# help me!!!



## pablosthename (Sep 30, 2003)

two of my red bellies don't want to eat! and am afraid there going to die what do I do? please help!


----------



## sccavee (Feb 11, 2003)

What size are they? Reds will go days sometimes without eating. Pretty normal.


----------



## pablosthename (Sep 30, 2003)

there about three inches and there stomach is flat!


----------



## Piran-huhs? (Jul 23, 2003)

sccavee said:


> Reds will go days sometimes without eating. Pretty normal.

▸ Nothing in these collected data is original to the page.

lemma rescaled_p0_between:
  assumes "0 \<le> a" "a < b" "b \<le> 2" "2 \<le> \<nu>"
    and sign_change: "0 < scaled_legendre \<nu> a" "scaled_legendre \<nu> b < 0"
    and deriv_neg: "\<forall>y\<in>{0..2}. scaled_legendre_deriv \<nu> y < 0"
  shows "a < (real \<nu>)\<^sup>2 * p0 (2 * \<nu>) \<and> (real \<nu>)\<^sup>2 * p0 (2 * \<nu>) < b"
proof -
  let ?F = "scaled_legendre \<nu>"
  have decreasing: "?F w < ?F z" if "0 \<le> z" "z < w" "w \<le> 2" for z w
    using that deriv_neg scaled_legendre_has_derivative
    by (intro DERIV_neg_imp_decreasing[OF \<open>z < w\<close>]) fastforce
  have "isCont ?F z" for z
    using scaled_legendre_has_derivative DERIV_isCont by blast
  then obtain y where y: "a \<le> y" "y \<le> b" "?F y = 0"
    using IVT2[of ?F b 0 a] sign_change \<open>a < b\<close> by auto
  then have "a < y" "y < b"
    using sign_change by (auto simp: order.order_iff_strict)
  have "p0 (2 * \<nu>) = y / (real \<nu>)\<^sup>2"
  proof (rule p0_eq_scaled_zero)
    show "0 < \<nu>" "0 < y"
      using assms(1,4) \<open>a < y\<close> by auto
    have "(2::real) * 2 \<le> real \<nu> * real \<nu>"
      using assms(4) by (intro mult_mono) auto
    then show "y < (real \<nu>)\<^sup>2"
      using \<open>y < b\<close> assms(3) by (simp add: power2_eq_square)
    show "?F y = 0" "(?F has_real_derivative scaled_legendre_deriv \<nu> y) (at y)"
      using y(3) scaled_legendre_has_derivative by auto
    have "y \<in> {0..2}"
      using y assms(1,3) by auto
    then show "scaled_legendre_deriv \<nu> y \<noteq> 0"
      using deriv_neg by force
    show "?F z \<noteq> 0" if "z < y" for z
    proof (cases "z \<le> 0")
      case True
      then show ?thesis
        using scaled_legendre_pos_of_nonpos[of z \<nu>] by simp
    next
      case False
      then show ?thesis
        using decreasing[of z y] that y \<open>y < b\<close> assms(3) by auto
    qed
  qed
  then show ?thesis
    using assms(4) \<open>a < y\<close> \<open>y < b\<close> by simp
qed

lemma eventually_rescaled_p0_between:
  assumes "0 \<le> a" "a < b" "b \<le> 2" "0 < bessel_series a" "bessel_series b < 0"
  shows "\<forall>\<^sub>F \<nu> in sequentially. a < (real \<nu>)\<^sup>2 * p0 (2 * \<nu>) \<and> (real \<nu>)\<^sup>2 * p0 (2 * \<nu>) < b"
proof -
  have "\<forall>\<^sub>F \<nu> in sequentially. 0 < scaled_legendre \<nu> a"
    using scaled_legendre_tendsto assms(4) by (rule order_tendstoD)
  moreover have "\<forall>\<^sub>F \<nu> in sequentially. scaled_legendre \<nu> b < 0"
    using scaled_legendre_tendsto assms(5) by (rule order_tendstoD)
  ultimately show ?thesis
    using eventually_scaled_legendre_deriv_neg eventually_ge_at_top[of 2]
    by eventually_elim (rule rescaled_p0_between[OF assms(1-3)])
qed
(* Let $(\mathfrak{g},V,\Theta)$ be a Lie-Leibniz triple with associated graded Lie algebra $T_{\leq-1}$. Then $m\circ q+q\circ m=0$ as maps $\Lambda^3(T_{\leq-1})\to T_{\leq-1}$; that is, for every $i\geq1$ the maps $m\circ q$ and $-q\circ m$ from $\Lambda^3(T_{\leq-1})|_{-i-2}$ to $T_{-i-1}$ coincide.
   Context: A (left) Leibniz algebra is a vector space $V$ with bilinear $\circ$ satisfying $x\circ(y\circ z)=(x\circ y)\circ z+y\circ(x\circ z)$; $\{x,y\}=\frac12(x\circ y+y\circ x)$. A Lie-Leibniz triple $(\mathfrak{g},V,\Theta)$ consists of a Lie algebra $\mathfrak{g}$, a $\mathfrak{g}$-module $V$ (action $a\cdot x$) with a Leibniz product $\circ$, and a linear map $\Theta:V\to\mathfrak{g}$ with $x\circ y=\Theta(x)\cdot y$ and $\Theta(x\circ y)=[\Theta(x),\Theta(y)]$. Associated graded Lie algebra: let $K$ be the largest $\mathfrak{g}$-submodule of $S^2(V)$ contained in the kernel of $x\odot y\mapsto\{x,y\}$; let $F$ be the free graded Lie algebra on $V[1]$ (degree $-1$), $F_{-2}\cong S^2(V)$, with $\mathfrak g$ acting by derivations; $K_{-2}=K$, $K_{-i}=\sum_{j=1}^{i-2}[F_{-j},K_{-i+j}]$ ($i\geq3$); $T_{\leq-1}=F/K_\bullet$, $T_{-1}=V[1]$, with induced bracket $\llbracket\,.\,,.\,\rrbracket$ and $\mathfrak g$-action. $\Lambda^\bullet(T_{\leq-1})$ is the graded exterior algebra ($x\wedge y=-(-1)^{|x||y|}y\wedge x$), $|_{-i}$ the total-degree $-i$ part. Define $q:\Lambda^2(T_{\leq-1})\to T_{\leq-1}$ by $q(x\wedge y)=\llbracket x,y\rrbracket$ and $m:\Lambda^2(T_{\leq-1})\to T_{\leq-1}$ by $m(x\wedge y)=\Theta(x)\cdot y-(-1)^{|x||y|}\Theta(y)\cdot x$, where $\Theta$ is taken to be $0$ on $T_{\leq-2}$ (so $m(u\wedge v)=2\{u,v\}$ for $u,v\in T_{-1}$, $m(u\wedge x)=\Theta(u)\cdot x$ for $u\in T_{-1}$, $x\in T_{\leq -2}$, and $m=0$ on $\Lambda^2(T_{\leq-2})$). Both extend to $\Lambda^p$ ($p\geq3$) by $f(x_1\wedge\cdots\wedge x_p)=\sum_{\sigma\in\mathrm{Un}(2,p-2)}\epsilon^\sigma f(x_{\sigma(1)}\wedge x_{\sigma(2)})\wedge x_{\sigma(3)}\wedge\cdots\wedge x_{\sigma(p)}$, with $\mathrm{Un}(2,p-2)$ the $(2,p-2)$-unshuffles and $\epsilon^\sigma$ the Koszul sign. *)

theory Defs
  imports Complex_Main
begin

yeah ... sometimes they'll go a few days w/o eating ... but they should be fine. Might wanna toss feeder (that has been quarantined) in there ... and let them eat when they are ready.


----------



## pablosthename (Sep 30, 2003)

I hope your right?


----------



## nigaphan (Oct 28, 2003)

juss wait....they'll eat.....how many do you have in the tank.....do you feed them alot? usually when they get to nuch food they refuse or what you give them....juss give it time.....they will start starving and then eat....


----------



## pablosthename (Sep 30, 2003)

am shoaling six red bellies piranha and two of them look starved







I feed them three times a day.


----------



## DonH (Jan 25, 2003)

pablosthename said:


> am shoaling six red bellies piranha and two of them look starved
> 
> 
> 
> ...


 IMO, that's too many feedings for a day. I would reduce it down to twice a day at most. As they get larger, reduce it even further. I feed my fish every 2-3 days, but they are 8-16". Growth is not only influenced by the amount of food they eat, but also has a lot to do with water quality. The more you feed them, the harder it is to maintain good water. No healthy piranha will ever die of starvation. Check your water parameters. That might be the cause of them not eating...


----------



## Bigbite (Nov 11, 2003)

You may also try to make sure they are as stress free as possible. Some are more high strung, than others and wil refuse to eat if they are under great stress....

Make sure they have places to hide and feel secure, and maybe turn out the lights for a while and stay away from the tank after you offer live fish...and make sure the four that are eating are not getting it before the other two have a chance.


----------



## RhomZilla (Feb 12, 2003)

How long have they been in that tank of yours? Are they new?

If they are new, just let them acustomed to their new environment. In due time they will go back to their normal selves and show the FURY within.

If they arent new to the tank. Just keep trying to feed them. Sometimes Ps would go on hunger stikes.. its totally normal. One week they'll eat like monsters.. the next day or week, they wont touch anything and even shoal with feeders. Just give it time and try adding new varieties of different food.


----------



## X-D-X (Jul 3, 2003)

Right on Rhomzilla!!!


----------



## SERRAPYGO (Feb 4, 2003)

Moved to feeding and nutrition


----------



## pablosthename (Sep 30, 2003)

I tuck your advice (I put more hiding spots and stuff) and they started eating again! thanks for the help


----------